Task goal: For each line below that includes the string "simp", show the whole line.

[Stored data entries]
----

lemma pairing_expand: "pairing Q A = (\<Sum>k\<le>degree Q. coeff Q k * pairing (monom 1 k) A)"
proof -
  have "Q = (\<Sum>k\<le>degree Q. smult (coeff Q k) (monom 1 k))"
    using poly_as_sum_of_monoms[of Q] by (simp add: smult_monom)
  then show ?thesis
    by (metis pairing_sum_left)
qed

definition typeI_shape :: "nat \<Rightarrow> (nat \<Rightarrow> real poly) \<Rightarrow> bool" where
  "typeI_shape L A \<longleftrightarrow> (\<forall>j\<ge>r. A j = 0) \<and> (\<forall>j<r. deg_lt (index L j) (A j))"

lemma typeI_shape_mono: "typeI_shape L A \<Longrightarrow> L \<le> L' \<Longrightarrow> typeI_shape L' A"
  unfolding typeI_shape_def using index_mono deg_lt_mono by blast

lemma typeI_shape_add: "typeI_shape L A \<Longrightarrow> typeI_shape L B \<Longrightarrow> typeI_shape L (\<lambda>j. A j + B j)"
  unfolding typeI_shape_def by (auto intro: deg_lt_add)

lemma typeI_shape_diff: "typeI_shape L A \<Longrightarrow> typeI_shape L B \<Longrightarrow> typeI_shape L (\<lambda>j. A j - B j)"
  unfolding typeI_shape_def by (auto intro: deg_lt_diff)

lemma typeI_shape_smult: "typeI_shape L A \<Longrightarrow> typeI_shape L (\<lambda>j. smult c (A j))"
  unfolding typeI_shape_def by (auto intro: deg_lt_smult)

lemma pairing_p_typeI_shape: "typeI_shape L A \<Longrightarrow> pairing (p L) A = 0"
  unfolding pairing_def
proof (intro sum.neutral ballI)
  fix j assume A: "typeI_shape L A" and "j \<in> {..<r}"
  then have "deg_lt (index L j) (A j)"
    unfolding typeI_shape_def by simp
  then have "(\<integral>x. poly (p L) x * poly (A j) x \<partial>mu j)
      = (\<integral>x. (\<Sum>k<index L j. coeff (A j) k * (x ^ k * poly (p L) x)) \<partial>mu j)"
    by (simp add: poly_deg_lt sum_distrib_left sum_distrib_right mult_ac)
  also have "\<dots> = (\<Sum>k<index L j. coeff (A j) k * (\<integral>x. x ^ k * poly (p L) x \<partial>mu j))"
    using \<open>j \<in> {..<r}\<close> by (simp add: integrable_power_mult_poly)
  also have "\<dots> = 0"
    using \<open>j \<in> {..<r}\<close> p_orthogonal by simp
  finally show "(\<integral>x. poly (p L) x * poly (A j) x \<partial>mu j) = 0" .
qed

text \<open>The vector \<open>x\<^sup>d e\<^sub>i\<close> by which \<open>typeI_shape (Suc L)\<close> exceeds \<open>typeI_shape L\<close>, where
  \<open>i = i L\<close> and \<open>d = n\<^sub>L(i)\<close>.\<close>
definition step_vector :: "nat \<Rightarrow> nat \<Rightarrow> real poly" where
  "step_vector L j = (if j = i L then monom 1 (index L (i L)) else 0)"

definition step_moment :: "nat \<Rightarrow> real" where
  "step_moment L = (\<integral>x. x ^ index L (i L) * poly (p L) x \<partial>mu (i L))"

lemma typeI_shape_step_vector: "typeI_shape (Suc L) (step_vector L)"
  unfolding typeI_shape_def step_vector_def deg_lt_def index_Suc
  using path[of L] by (auto simp: coeff_monom)

lemma pairing_step_vector: "pairing Q (step_vector L) = (\<integral>x. poly Q x * x ^ index L (i L) \<partial>mu (i L))"
proof -
  have "pairing Q (step_vector L) = (\<Sum>j<r. if j = i L then (\<integral>x. poly Q x * x ^ index L (i L) \<partial>mu j) else 0)"
    unfolding pairing_def step_vector_def by (intro sum.cong) (auto simp: poly_monom)
  then show ?thesis
    using path by (simp add: sum.delta')
qed

lemma pairing_p_step_vector: "pairing (p L) (step_vector L) = step_moment L"
  unfolding pairing_step_vector step_moment_def by (simp add: mult.commute)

----

Written response:
    using poly_as_sum_of_monoms[of Q] by (simp add: smult_monom)
    unfolding typeI_shape_def by simp
    by (simp add: poly_deg_lt sum_distrib_left sum_distrib_right mult_ac)
    using \<open>j \<in> {..<r}\<close> by (simp add: integrable_power_mult_poly)
    using \<open>j \<in> {..<r}\<close> p_orthogonal by simp
  using path[of L] by (auto simp: coeff_monom)
    unfolding pairing_def step_vector_def by (intro sum.cong) (auto simp: poly_monom)
    using path by (simp add: sum.delta')
  unfolding pairing_step_vector step_moment_def by (simp add: mult.commute)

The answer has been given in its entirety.